Мы не будем повторять общеизвестных анекдотов о веселой юнкерской и офицерской жизни Лермонтова; они не забыты так же, как и относящиеся к этому периоду стихи легкого содержания. Если уж произносить суд над этим периодом в развитии личности Лермонтова, то не надо забывать двух строчек из одного частного письма, тогда им написанного. «Тайное сознание, – писал он, – что я кончу жизнь ничтожным человеком, – меня мучит».
Для умственного развития поэта его юнкерские годы прошли бесплодно, как можно убедиться при обзоре стихотворений, относящихся к этому периоду. Годы эти вызвали временный застой в его творчестве, хотя не повредили ни его таланту, ни его уму. Равным образом, они не были так вредны и для развития характера Лермонтова, как обыкновенно принято думать. Его природа, вообще, требовала на время безграничной свободы в проявлении всех ее сторон, хотя бы и малосерьезных. Мы знаем, как умственное напряжение и мечты подавляли в поэте все другие его силы и склонности. Теперь настала их очередь, и они вступили в свои права; новые чувства прорвались наружу с особенной страстностью, пока не выкипели, и когда наступил этот момент, то от всей разгульной и разнузданной жизни не осталось и следа, кроме вольных стихов и, может быть, неприятных воспоминаний.

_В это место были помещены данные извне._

locale rlc_dissipative =
  fixes L C R :: real and A :: "real^2^2"
  assumes L_pos: "0 < L" and C_pos: "0 < C" and R_pos: "0 < R"
    and power_balance: "\<And>w. L * w $ 1 * (A *v w) $ 1 + C * w $ 2 * (A *v w) $ 2 = - R * (w $ 1)\<^sup>2"
    and current_observable: "\<And>w. w $ 1 = 0 \<Longrightarrow> (A *v w) $ 1 = 0 \<Longrightarrow> w = 0"
begin

lemma has_real_derivative_energy_flow:
  "((\<lambda>s. rlc_energy L C (mexp (s *\<^sub>R A) *v z)) has_real_derivative
    - 2 * R * ((mexp (s *\<^sub>R A) *v z) $ 1)\<^sup>2) (at s)"
proof -
  let ?u = "mexp (s *\<^sub>R A) *v z"
  have "((\<lambda>s. rlc_energy L C (mexp (s *\<^sub>R A) *v z)) has_real_derivative
      L * (2 * ?u $ 1 * (A *v ?u) $ 1) + C * (2 * ?u $ 2 * (A *v ?u) $ 2)) (at s)"
    unfolding rlc_energy_def
    by (auto intro!: derivative_eq_intros has_real_derivative_mexp_component simp: power2_eq_square)
  also have "L * (2 * ?u $ 1 * (A *v ?u) $ 1) + C * (2 * ?u $ 2 * (A *v ?u) $ 2) = - 2 * R * (?u $ 1)\<^sup>2"
    using power_balance[of ?u] by (simp add: algebra_simps)
  finally show ?thesis .
qed

lemma energy_flow_antimono:
  assumes "s \<le> s'"
  shows "rlc_energy L C (mexp (s' *\<^sub>R A) *v z) \<le> rlc_energy L C (mexp (s *\<^sub>R A) *v z)"
proof (rule DERIV_nonpos_imp_nonincreasing[OF assms])
  fix x
  show "\<exists>y. ((\<lambda>s. rlc_energy L C (mexp (s *\<^sub>R A) *v z)) has_real_derivative y) (at x) \<and> y \<le> 0"
    using has_real_derivative_energy_flow R_pos by (intro exI conjI) auto
qed

lemma energy_flow_le: "0 \<le> s \<Longrightarrow> rlc_energy L C (mexp (s *\<^sub>R A) *v z) \<le> rlc_energy L C z"
  using energy_flow_antimono[of 0 s z] by simp

lemma energy_flow_less:
  assumes "0 < h" and "z \<noteq> 0"
  shows "rlc_energy L C (mexp (h *\<^sub>R A) *v z) < rlc_energy L C z"
proof (rule ccontr)
  define u where "u s = mexp (s *\<^sub>R A) *v z" for s
  define e where "e s = rlc_energy L C (u s)" for s
  assume "\<not> ?thesis"
  then have "e 0 \<le> e h"
    by (simp add: e_def u_def)
  moreover have "e h \<le> e s" "e s \<le> e 0" if "s \<in> {0<..<h}" for s
    using that energy_flow_antimono[of s h z] energy_flow_antimono[of 0 s z] by (simp_all add: e_def u_def)
  ultimately have e_const: "e s = e 0" if "s \<in> {0<..<h}" for s
    using that by fastforce
  have current_zero: "u s $ 1 = 0" if "s \<in> {0<..<h}" for s
  proof -
    have "(e has_real_derivative 0) (at s)"
      by (rule has_field_derivative_transform_within_open[OF DERIV_const open_greaterThanLessThan that])
        (simp add: e_const)
    moreover have "(e has_real_derivative - 2 * R * (u s $ 1)\<^sup>2) (at s)"
      unfolding e_def u_def by (rule has_real_derivative_energy_flow)
    ultimately have "0 = - 2 * R * (u s $ 1)\<^sup>2"
      by (rule DERIV_unique)
    with R_pos show ?thesis by simp
  qed
  let ?s = "h / 2"
  have s: "?s \<in> {0<..<h}"
    using \<open>0 < h\<close> by simp
  have "((\<lambda>s. u s $ 1) has_real_derivative 0) (at ?s)"
    by (rule has_field_derivative_transform_within_open[OF DERIV_const open_greaterThanLessThan s])
      (simp add: current_zero)
  moreover have "((\<lambda>s. u s $ 1) has_real_derivative (A *v u ?s) $ 1) (at ?s)"
    unfolding u_def by (rule has_real_derivative_mexp_component)
  ultimately have "(A *v u ?s) $ 1 = 0"
    using DERIV_unique by blast
  with current_zero[OF s] have "u ?s = 0"
    by (rule current_observable)
  then have "mexp ((- ?s) *\<^sub>R A) *v u ?s = 0"
    by simp
  with \<open>z \<noteq> 0\<close> show False
    using mexp_neg_scaleR_mult[of ?s A] by (simp add: u_def matrix_vector_mul_assoc)
qed

end

lemma A1_apply: "(A1 R L C *v w) $ 1 = - R / L * w $ 1 - w $ 2 / L" "(A1 R L C *v w) $ 2 = w $ 1 / C"
  by (simp_all add: A1_def matrix_vector_mult_def sum_2)

lemma A2_apply: "(A2 R L C *v w) $ 1 = - R / L * w $ 1 + w $ 2 / L" "(A2 R L C *v w) $ 2 = - w $ 1 / C"
  by (simp_all add: A2_def matrix_vector_mult_def sum_2)

lemma invertible_A1: "0 < L \<Longrightarrow> 0 < C \<Longrightarrow> invertible (A1 R L C)"
  by (simp add: invertible_det_nz A1_def det_2)

lemma rlc_dissipative_A1: "0 < L \<Longrightarrow> 0 < C \<Longrightarrow> 0 < R \<Longrightarrow> rlc_dissipative L C R (A1 R L C)"
  by unfold_locales (auto simp: A1_apply field_simps power2_eq_square vec_eq_iff forall_2)

lemma rlc_dissipative_A2: "0 < L \<Longrightarrow> 0 < C \<Longrightarrow> 0 < R \<Longrightarrow> rlc_dissipative L C R (A2 R L C)"
  by unfold_locales (auto simp: A2_apply field_simps power2_eq_square vec_eq_iff forall_2)

lemma rlc_energy_switching_less:
  assumes "0 < R" "0 < L" "0 < C" "0 < s" "0 \<le> s'" "z \<noteq> 0"
  shows "rlc_energy L C ((mexp (s' *\<^sub>R A2 R L C) ** mexp (s *\<^sub>R A1 R L C)) *v z) < rlc_energy L C z"
proof -
  have "rlc_energy L C ((mexp (s' *\<^sub>R A2 R L C) ** mexp (s *\<^sub>R A1 R L C)) *v z)
      \<le> rlc_energy L C (mexp (s *\<^sub>R A1 R L C) *v z)"
    using rlc_dissipative.energy_flow_le[OF rlc_dissipative_A2[OF assms(2,3,1)] assms(5)]
    by (simp add: matrix_vector_mul_assoc[symmetric])
  also have "\<dots> < rlc_energy L C z"
    using rlc_dissipative.energy_flow_less[OF rlc_dissipative_A1[OF assms(2,3,1)] assms(4,6)] .
  finally show ?thesis .
qed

Можно – как это иногда делалось – представить себе Лермонтова несчастным страдальцем, заброшенным в кружок лиц, его не понимающих. Такое представление может дать богатый материал для разных красноречивых обличений, но оно будет неверно. Страдальцем в своем юнкерском кружке Лермонтов никогда не был и отдавался его увлечениям так же охотно, как потом сам же строго критиковал его.
Ум Лермонтова, за недостатком новых серьезных притоков мысли, либо отдыхал, либо возвращался к старым думам, а чувства кипели и выкипали, сближая поэта с людьми, грязня на время его воображение и душу, но делая и его поэзию, и его самого более способным к соглашению с жизнью. Умный и сильный человек, знакомясь с глухими и темными закоулками жизни, может воспользоваться ими в свою выгоду.
Но одно не подлежит сомнению – кружок тех блестящих молодых людей, в обществе которых Лермонтов коротал дни и ночи, отчуждал его от других кружков и людей, живших теми именно духовными интересами, на отсутствие которых подчас так жаловался Лермонтов в своих письмах.
II
Несравненно вреднее, чем время юнкерства, отразились на Лермонтове его первые офицерские годы, когда он вступил «в свет» и хотел блистать в нем.